INSTRUCTIONS FOR THE TASK ▸
Only the lines from the one containing "by (rule mult_left_mono)" through the end of the data below should be copied, each exactly as written and with both ends kept.

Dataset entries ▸
============================================================

(* Let $\Omega$ be a measure space and $Z:=L^2(\Omega)$. Let $(a^k)$ and $(b^k)$ be bounded sequences in $Z$. If $\min\{a^k,b^k\}\to 0$ in $Z$, then $\langle a^k,b^k\rangle\to 0$.
   Context: $\min\{a,b\}$ denotes the pointwise minimum of $a,b\in Z$, and $\langle\cdot,\cdot\rangle$ is the inner product of $L^2(\Omega)$. *)

theory Defs
  imports "HOL-Analysis.Analysis"
begin

definition L2 :: "'a measure \<Rightarrow> ('a \<Rightarrow> real) set" where
  "L2 M = {f. f \<in> borel_measurable M \<and> integrable M (\<lambda>x. (f x)\<^sup>2)}"

definition L2_norm :: "'a measure \<Rightarrow> ('a \<Rightarrow> real) \<Rightarrow> real" where
  "L2_norm M f = sqrt (LINT x|M. (f x)\<^sup>2)"

definition L2_inner :: "'a measure \<Rightarrow> ('a \<Rightarrow> real) \<Rightarrow> ('a \<Rightarrow> real) \<Rightarrow> real" where
  "L2_inner M f g = (LINT x|M. f x * g x)"

end

theory Submission
  imports Defs
begin

(* Pointwise a b = min(a,b) max(a,b) and max(a,b)^2 <= a^2 + b^2. Cauchy-Schwarz therefore
   gives |<a,b>| <= ||min(a,b)|| (||a||^2 + ||b||^2)^(1/2), and the second factor stays
   bounded along bounded sequences. *)

lemma L2_D:
  assumes "f \<in> L2 M"
  shows "f \<in> borel_measurable M" "integrable M (\<lambda>x. (f x)\<^sup>2)"
  using assms by (simp_all add: L2_def)

lemma L2_norm_nonneg: "0 \<le> L2_norm M f"
  by (simp add: L2_norm_def)

lemma L2_norm_sq: "f \<in> L2 M \<Longrightarrow> (L2_norm M f)\<^sup>2 = (LINT x|M. (f x)\<^sup>2)"
  by (simp add: L2_norm_def)

lemma L2_dominated:
  assumes "f \<in> L2 M" "g \<in> L2 M" "h \<in> borel_measurable M"
    and "\<And>x. (h x)\<^sup>2 \<le> (f x)\<^sup>2 + (g x)\<^sup>2"
  shows "h \<in> L2 M"
proof -
  have "integrable M (\<lambda>x. (f x)\<^sup>2 + (g x)\<^sup>2)"
    using assms(1,2) by (simp add: L2_D)
  then have "integrable M (\<lambda>x. (h x)\<^sup>2)"
    by (rule Bochner_Integration.integrable_bound) (use assms(3,4) in auto)
  with assms(3) show ?thesis
    by (simp add: L2_def)
qed

lemma L2_min:
  assumes "f \<in> L2 M" "g \<in> L2 M"
  shows "(\<lambda>x. min (f x) (g x)) \<in> L2 M"
  using L2_D(1)[OF assms(1), measurable] L2_D(1)[OF assms(2), measurable]
  by (rule_tac L2_dominated[OF assms]) (auto simp: min_def)

lemma L2_max:
  assumes "f \<in> L2 M" "g \<in> L2 M"
  shows "(\<lambda>x. max (f x) (g x)) \<in> L2 M"
  using L2_D(1)[OF assms(1), measurable] L2_D(1)[OF assms(2), measurable]
  by (rule_tac L2_dominated[OF assms]) (auto simp: max_def)

lemma L2_norm_max_le:
  assumes "f \<in> L2 M" "g \<in> L2 M"
  shows "(L2_norm M (\<lambda>x. max (f x) (g x)))\<^sup>2 \<le> (L2_norm M f)\<^sup>2 + (L2_norm M g)\<^sup>2"
proof -
  have "(L2_norm M (\<lambda>x. max (f x) (g x)))\<^sup>2 = (LINT x|M. (max (f x) (g x))\<^sup>2)"
    using L2_max[OF assms] by (rule L2_norm_sq)
  also have "\<dots> \<le> (LINT x|M. (f x)\<^sup>2 + (g x)\<^sup>2)"
    using L2_D(2)[OF L2_max[OF assms]] L2_D(2)[OF assms(1)] L2_D(2)[OF assms(2)]
    by (intro integral_mono) (auto simp: max_def)
  also have "\<dots> = (L2_norm M f)\<^sup>2 + (L2_norm M g)\<^sup>2"
    using L2_D(2)[OF assms(1)] L2_D(2)[OF assms(2)] assms by (simp add: L2_norm_sq)
  finally show ?thesis .
qed

lemma L2_inner_min_max: "L2_inner M (\<lambda>x. min (f x) (g x)) (\<lambda>x. max (f x) (g x)) = L2_inner M f g"
  unfolding L2_inner_def by (rule Bochner_Integration.integral_cong) (auto simp: min_def max_def)

lemma nn_integral_abs_sq_L2:
  assumes "f \<in> L2 M"
  shows "(\<integral>\<^sup>+x. ennreal \<bar>f x\<bar> ^ 2 \<partial>M) = ennreal ((L2_norm M f)\<^sup>2)"
proof -
  have "(\<integral>\<^sup>+x. ennreal \<bar>f x\<bar> ^ 2 \<partial>M) = (\<integral>\<^sup>+x. ennreal ((f x)\<^sup>2) \<partial>M)"
    by (simp add: ennreal_power)
  also have "\<dots> = ennreal ((L2_norm M f)\<^sup>2)"
    using assms by (simp add: L2_D L2_norm_sq nn_integral_eq_integral)
  finally show ?thesis .
qed

lemma L2_Cauchy_Schwarz:
  assumes "f \<in> L2 M" "g \<in> L2 M"
  shows "\<bar>L2_inner M f g\<bar> \<le> L2_norm M f * L2_norm M g"
proof -
  have [measurable]: "f \<in> borel_measurable M" "g \<in> borel_measurable M"
    using assms by (simp_all add: L2_D)
  define I where "I = (\<integral>\<^sup>+x. ennreal \<bar>f x\<bar> * ennreal \<bar>g x\<bar> \<partial>M)"
  have "I\<^sup>2 \<le> ennreal ((L2_norm M f * L2_norm M g)\<^sup>2)"
    using Cauchy_Schwarz_nn_integral[of "\<lambda>x. ennreal \<bar>f x\<bar>" M "\<lambda>x. ennreal \<bar>g x\<bar>"]
    by (simp add: I_def nn_integral_abs_sq_L2 assms power_mult_distrib ennreal_mult)
  then have "enn2real (I\<^sup>2) \<le> (L2_norm M f * L2_norm M g)\<^sup>2"
    by (intro enn2real_leI) simp_all
  then have "(enn2real I)\<^sup>2 \<le> (L2_norm M f * L2_norm M g)\<^sup>2"
    by (simp add: power2_eq_square enn2real_mult)
  then have "enn2real I \<le> L2_norm M f * L2_norm M g"
    by (rule power2_le_imp_le) (simp add: L2_norm_nonneg)
  moreover have "\<bar>L2_inner M f g\<bar> \<le> enn2real I"
    using integral_abs_bound[of M "\<lambda>x. f x * g x"]
    by (simp add: L2_inner_def I_def integral_eq_nn_integral abs_mult ennreal_mult)
  ultimately show ?thesis by linarith
qed

lemma L2_inner_le_min_norm:
  assumes "f \<in> L2 M" "g \<in> L2 M"
  shows "\<bar>L2_inner M f g\<bar>
    \<le> L2_norm M (\<lambda>x. min (f x) (g x)) * sqrt ((L2_norm M f)\<^sup>2 + (L2_norm M g)\<^sup>2)"
proof -
  have "\<bar>L2_inner M f g\<bar>
      \<le> L2_norm M (\<lambda>x. min (f x) (g x)) * L2_norm M (\<lambda>x. max (f x) (g x))"
    using L2_Cauchy_Schwarz[OF L2_min[OF assms] L2_max[OF assms]]
    by (simp add: L2_inner_min_max)
  also have "\<dots> \<le> L2_norm M (\<lambda>x. min (f x) (g x)) * sqrt ((L2_norm M f)\<^sup>2 + (L2_norm M g)\<^sup>2)"
    using L2_norm_max_le[OF assms]
    by (intro mult_left_mono real_le_rsqrt) (simp_all add: L2_norm_nonneg)
  finally show ?thesis .
qed

theorem lemma2p2:
  fixes M :: "'a measure" and a b :: "nat \<Rightarrow> 'a \<Rightarrow> real"
  assumes "\<And>k. a k \<in> L2 M" and "\<And>k. b k \<in> L2 M"
    and "\<exists>C. \<forall>k. L2_norm M (a k) \<le> C"
    and "\<exists>C. \<forall>k. L2_norm M (b k) \<le> C"
    and "(\<lambda>k. L2_norm M (\<lambda>x. min (a k x) (b k x))) \<longlonglongrightarrow> 0"
  shows "(\<lambda>k. L2_inner M (a k) (b k)) \<longlonglongrightarrow> 0"
proof -
  obtain Ca Cb where Ca: "\<And>k. L2_norm M (a k) \<le> Ca" and Cb: "\<And>k. L2_norm M (b k) \<le> Cb"
    using assms(3,4) by blast
  define K where "K = sqrt (Ca\<^sup>2 + Cb\<^sup>2)"
  have "norm (L2_inner M (a k) (b k)) \<le> L2_norm M (\<lambda>x. min (a k x) (b k x)) * K" for k
  proof -
    have "(L2_norm M (a k))\<^sup>2 + (L2_norm M (b k))\<^sup>2 \<le> Ca\<^sup>2 + Cb\<^sup>2"
      using Ca[of k] Cb[of k] by (intro add_mono power_mono) (simp_all add: L2_norm_nonneg)
    then have "sqrt ((L2_norm M (a k))\<^sup>2 + (L2_norm M (b k))\<^sup>2) \<le> K"
      unfolding K_def by (rule real_sqrt_le_mono)
    then have "L2_norm M (\<lambda>x. min (a k x) (b k x)) * sqrt ((L2_norm M (a k))\<^sup>2 + (L2_norm M (b k))\<^sup>2)
        \<le> L2_norm M (\<lambda>x. min (a k x) (b k x)) * K"
      by (rule mult_left_mono) (rule L2_norm_nonneg)
    with L2_inner_le_min_norm[OF assms(1,2)] show ?thesis
      by (simp only: real_norm_def) (rule order_trans)
  qed
  then have "\<forall>\<^sub>F k in sequentially.
      norm (L2_inner M (a k) (b k)) \<le> L2_norm M (\<lambda>x. min (a k x) (b k x)) * K"
    by (simp add: always_eventually)
  then show ?thesis
    by (rule Lim_null_comparison) (rule tendsto_mult_left_zero[OF assms(5)])
qed

end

============================================================

RESULT ▸
      by (rule mult_left_mono) (rule L2_norm_nonneg)
    with L2_inner_le_min_norm[OF assms(1,2)] show ?thesis
      by (simp only: real_norm_def) (rule order_trans)
  qed
  then have "\<forall>\<^sub>F k in sequentially.
      norm (L2_inner M (a k) (b k)) \<le> L2_norm M (\<lambda>x. min (a k x) (b k x)) * K"
    by (simp add: always_eventually)
  then show ?thesis
    by (rule Lim_null_comparison) (rule tendsto_mult_left_zero[OF assms(5)])
qed

end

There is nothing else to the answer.